Flapping her wings. Dad’s choice of words made me cringe, for Mom’s sake. Mom was a dedicated bird-lover. Birds were all she cared about, besides Ryan and me. Mostly it was a way to deal with her terrible, pervasive anxiety. Flap her wings felt like a horrible insult.
I hung up with Dad and immediately walked over to Academic Services to fill out the necessary paperwork. I had to fill out a Request for Personal Leave of Absence Form so that I would still maintain my matriculated status. Next I texted Linda to tell her I could start by the end of December. I’d spend Christmas with my mom and then head to Florida, getting there only a week after Chris.
I would talk to my mom soon but before I did, there was a more important person to call.

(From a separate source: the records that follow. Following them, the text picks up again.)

(* Let $\phi:\mathbb{R}^n\to\mathbb{R}$ satisfy Assumption A, and let $\gamma,\nu$ satisfy $$0<\gamma<\frac{2}{2+L_\phi},\qquad 0<\nu<\big(4\gamma-2\gamma^2(2+L_\phi)\big)^{1/2}.$$ Then the discrete-time heavy-ball system with state $(u,w)\in\mathbb{R}^n\times\mathbb{R}^n$ and input $e\in\mathbb{R}^n$, $$u^+=u-\gamma(\nabla\phi(u)+e)+\nu(u-w),\qquad w^+=u,$$ is ISS with respect to $\mathcal{A}_d=\{(u^\star,u^\star)\}$.
   Context: Assumption A: $\phi$ is continuously differentiable and there exist $L_\phi>0$, $u^\star\in\mathbb{R}^n$ and class-$\mathcal{K}_\infty$ functions $\mu_1,\mu_2$ such that $\nabla\phi(u)=0$ iff $u=u^\star$, and for all $u,\tilde u\in\mathbb{R}^n$: $\mu_1(\|u-u^\star\|)\le\phi(u)-\phi(u^\star)$, $\mu_2(\phi(u)-\phi(u^\star))\le\|\nabla\phi(u)\|$, and $\|\nabla\phi(u)-\nabla\phi(\tilde u)\|\le L_\phi\|u-\tilde u\|$. ISS: the system $x^+=G_d(x,e)$ is ISS with respect to a compact set $\mathcal{A}_d$ if there exist $\beta\in\mathcal{KL}$, $\alpha\in\mathcal{K}_\infty$ such that for every bounded input sequence $e$ every solution satisfies $|x(j)|_{\mathcal{A}_d}\le\beta(|x(0)|_{\mathcal{A}_d},j)+\alpha(\sup_k\|e(k)\|)$ for all $j\in\mathbb{N}$. *)

theory Defs
  imports "HOL-Analysis.Analysis"
begin

definition class_K :: "(real \<Rightarrow> real) \<Rightarrow> bool" where
  "class_K \<alpha> \<longleftrightarrow> continuous_on {0..} \<alpha> \<and> \<alpha> 0 = 0 \<and> strict_mono_on {0..} \<alpha>"

definition class_K_inf :: "(real \<Rightarrow> real) \<Rightarrow> bool" where
  "class_K_inf \<alpha> \<longleftrightarrow> class_K \<alpha> \<and> filterlim \<alpha> at_top at_top"

definition class_KL :: "(real \<Rightarrow> real \<Rightarrow> real) \<Rightarrow> bool" where
  "class_KL \<beta> \<longleftrightarrow>
     (\<forall>s\<ge>0. class_K (\<lambda>r. \<beta> r s)) \<and>
     (\<forall>r\<ge>0. antimono_on {0..} (\<lambda>s. \<beta> r s) \<and> ((\<lambda>s. \<beta> r s) \<longlongrightarrow> 0) at_top)"

definition assumption_A ::
  "('a::euclidean_space \<Rightarrow> real) \<Rightarrow> ('a \<Rightarrow> 'a) \<Rightarrow> real \<Rightarrow> 'a \<Rightarrow> (real \<Rightarrow> real) \<Rightarrow> (real \<Rightarrow> real) \<Rightarrow> bool"
  where
  "assumption_A \<phi> g L u\<^sub>s \<mu>1 \<mu>2 \<longleftrightarrow>
     (\<forall>u. (\<phi> has_derivative (\<lambda>h. g u \<bullet> h)) (at u)) \<and> continuous_on UNIV g \<and>
     L > 0 \<and> class_K_inf \<mu>1 \<and> class_K_inf \<mu>2 \<and>
     (\<forall>u. g u = 0 \<longleftrightarrow> u = u\<^sub>s) \<and>
     (\<forall>u. \<mu>1 (norm (u - u\<^sub>s)) \<le> \<phi> u - \<phi> u\<^sub>s) \<and>
     (\<forall>u. \<mu>2 (\<phi> u - \<phi> u\<^sub>s) \<le> norm (g u)) \<and>
     (\<forall>u v. norm (g u - g v) \<le> L * norm (u - v))"

definition ISS :: "('x::real_normed_vector \<Rightarrow> 'e::real_normed_vector \<Rightarrow> 'x) \<Rightarrow> 'x set \<Rightarrow> bool" where
  "ISS G A \<longleftrightarrow> compact A \<and>
     (\<exists>\<beta> \<alpha>. class_KL \<beta> \<and> class_K_inf \<alpha> \<and>
       (\<forall>(x::nat \<Rightarrow> 'x) (e::nat \<Rightarrow> 'e).
          bdd_above (range (\<lambda>k. norm (e k))) \<and> (\<forall>j. x (Suc j) = G (x j) (e j)) \<longrightarrow>
          (\<forall>j. infdist (x j) A \<le> \<beta> (infdist (x 0) A) (real j) + \<alpha> (SUP k. norm (e k)))))"

definition heavy_ball :: "('a::real_normed_vector \<Rightarrow> 'a) \<Rightarrow> real \<Rightarrow> real \<Rightarrow> 'a \<times> 'a \<Rightarrow> 'a \<Rightarrow> 'a \<times> 'a" where
  "heavy_ball g \<gamma> \<nu> x e = (let u = fst x; w = snd x in
      (u - \<gamma> *\<^sub>R (g u + e) + \<nu> *\<^sub>R (u - w), u))"

end

theory Submission
  imports Defs
begin

text \<open>With \<open>c = (1 - \<gamma>) / \<gamma> - L / 2 > 0\<close>, the function
  \<open>V (u, w) = \<phi> u - \<phi> u\<^sub>s + c \<parallel>u - w\<parallel>\<^sup>2\<close> is an ISS-Lyapunov function: the descent lemma for
  \<open>L\<close>-Lipschitz gradients and the bounds on \<open>\<gamma>\<close> and \<open>\<nu>\<close> (a negative definite quadratic form in
  \<open>\<parallel>\<nabla>\<phi> u\<parallel>\<close>, \<open>\<parallel>u - w\<parallel>\<close>, perturbed by \<open>\<parallel>e\<parallel>\<close>) give
  \<open>V\<^sup>+ \<le> V - \<epsilon> (\<parallel>\<nabla>\<phi> u\<parallel>\<^sup>2 + \<parallel>u - w\<parallel>\<^sup>2) + C \<parallel>e\<parallel>\<^sup>2\<close>, and Assumption A bounds the
  dissipation below by a positive definite function of \<open>V\<close>. Then \<open>V\<close> stays below the maximum of
  the iterates of a class-K map \<open>f t < t\<close> started at \<open>V(0)\<close> and a gain of \<open>sup \<parallel>e\<parallel>\<close>, and
  the iterates yield the class-KL bound.\<close>

lemma class_K_nonneg: "class_K f \<Longrightarrow> 0 \<le> x \<Longrightarrow> 0 \<le> f x"
  unfolding class_K_def by (metis atLeast_iff order.refl order_le_less strict_mono_onD)

lemma class_K_mono: "class_K f \<Longrightarrow> 0 \<le> x \<Longrightarrow> x \<le> y \<Longrightarrow> f x \<le> f y"
  unfolding class_K_def by (metis atLeast_iff order.trans order_le_less strict_mono_onD)

lemma class_K_strict_mono: "class_K f \<Longrightarrow> 0 \<le> x \<Longrightarrow> x < y \<Longrightarrow> f x < f y"
  unfolding class_K_def by (meson atLeast_iff order.trans order_less_imp_le strict_mono_onD)

lemma class_K_pos: "class_K f \<Longrightarrow> 0 < x \<Longrightarrow> 0 < f x"
  using class_K_strict_mono[of f 0 x] unfolding class_K_def by simp

lemma class_K_le_iff: "class_K f \<Longrightarrow> 0 \<le> x \<Longrightarrow> 0 \<le> y \<Longrightarrow> f x \<le> f y \<longleftrightarrow> x \<le> y"
  by (metis class_K_strict_mono class_K_mono linorder_not_le)

lemma class_K_comp:
  assumes "class_K f" "class_K g"
  shows "class_K (\<lambda>x. f (g x))"
proof -
  have "continuous_on {0..} (\<lambda>x. f (g x))"
    using assms class_K_nonneg[OF assms(2)] unfolding class_K_def
    by (intro continuous_on_compose2[of "{0..}" f "{0..}" g]) auto
  moreover have "strict_mono_on {0..} (\<lambda>x. f (g x))"
    by (rule strict_mono_onI) (metis class_K_strict_mono class_K_nonneg assms atLeast_iff)
  ultimately show ?thesis using assms unfolding class_K_def by simp
qed

lemma class_K_add:
  assumes "class_K f" "class_K g"
  shows "class_K (\<lambda>x. f x + g x)"
proof -
  have "continuous_on {0..} (\<lambda>x. f x + g x)"
    using assms unfolding class_K_def by (intro continuous_intros) auto
  moreover have "strict_mono_on {0..} (\<lambda>x. f x + g x)"
    by (rule strict_mono_onI) (metis class_K_strict_mono add_strict_mono assms atLeast_iff)
  ultimately show ?thesis using assms unfolding class_K_def by simp
qed

lemma class_K_cmult:
  assumes "class_K f" "0 < c"
  shows "class_K (\<lambda>x. c * f x)"
  using assms unfolding class_K_def
  by (auto intro!: continuous_on_mult_left strict_mono_onI mult_strict_left_mono
      elim: strict_mono_onD)

lemma class_K_id: "class_K (\<lambda>x. x)"
  unfolding class_K_def by (auto intro!: continuous_intros strict_mono_onI)

lemma class_K_sqrt: "class_K sqrt"
  unfolding class_K_def by (auto intro!: continuous_intros strict_mono_onI)

lemma class_K_power2: "class_K (\<lambda>x. x\<^sup>2)"
  unfolding class_K_def by (auto intro!: continuous_intros strict_mono_onI power_strict_mono)

lemma class_K_inf_add_id:
  assumes "class_K f"
  shows "class_K_inf (\<lambda>x. f x + x)"
proof -
  have "filterlim (\<lambda>x. f x + x) at_top at_top"
  proof (rule filterlim_at_top_mono[OF filterlim_ident])
    show "\<forall>\<^sub>F x in at_top. x \<le> f x + x"
      using eventually_ge_at_top[of "0::real"]
      by eventually_elim (use class_K_nonneg[OF assms] in auto)
  qed
  then show ?thesis
    unfolding class_K_inf_def using class_K_add[OF assms class_K_id] by simp
qed

text \<open>Outside \<open>f ` {0..}\<close> no such \<open>x\<close> exists, so the value is unspecified.\<close>
definition class_K_inv :: "(real \<Rightarrow> real) \<Rightarrow> real \<Rightarrow> real" where
  "class_K_inv f y = (THE x. 0 \<le> x \<and> f x = y)"

lemma class_K_inf_surj:
  assumes "class_K_inf f" "0 \<le> y"
  obtains x where "0 \<le> x" "f x = y"
proof -
  have "\<forall>\<^sub>F x in at_top. y \<le> f x \<and> 0 \<le> x"
    using assms(1) eventually_ge_at_top[of "0::real"]
    unfolding class_K_inf_def filterlim_at_top by (auto intro: eventually_conj)
  then obtain b where b: "y \<le> f b" "0 \<le> b"
    unfolding eventually_at_top_linorder by blast
  moreover have "continuous_on {0..b} f" "f 0 = 0"
    using assms(1) unfolding class_K_inf_def class_K_def by (auto intro: continuous_on_subset)
  ultimately show ?thesis
    using IVT'[of f 0 y b] assms(2) that by auto
qed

“Hey,” Chris said, when he picked up.
“What’re you up to?” I asked.
“I’m actually on Logan. Just schooled him and he was super.”
“Aw, I miss him so much,” I said. “But I have really good news. You’re not going to believe it, actually.”
“What?” Chris said.
“Well, I decided I want to be there with you in Florida this winter, watching Logan, and I just miss the horses and everything so much. So I found out about this job—with the Pearce family? Dakota Pearce? I don’t know if you know her but she’s apparently a pony rider just moving up to the big eq and junior jumpers. Linda Maro is her private trainer. They need someone to look after Dakota, make sure she does her homework, help out in the barn sometimes, help flat the horses.”
“I know her a little and I know who Linda is,” Chris said.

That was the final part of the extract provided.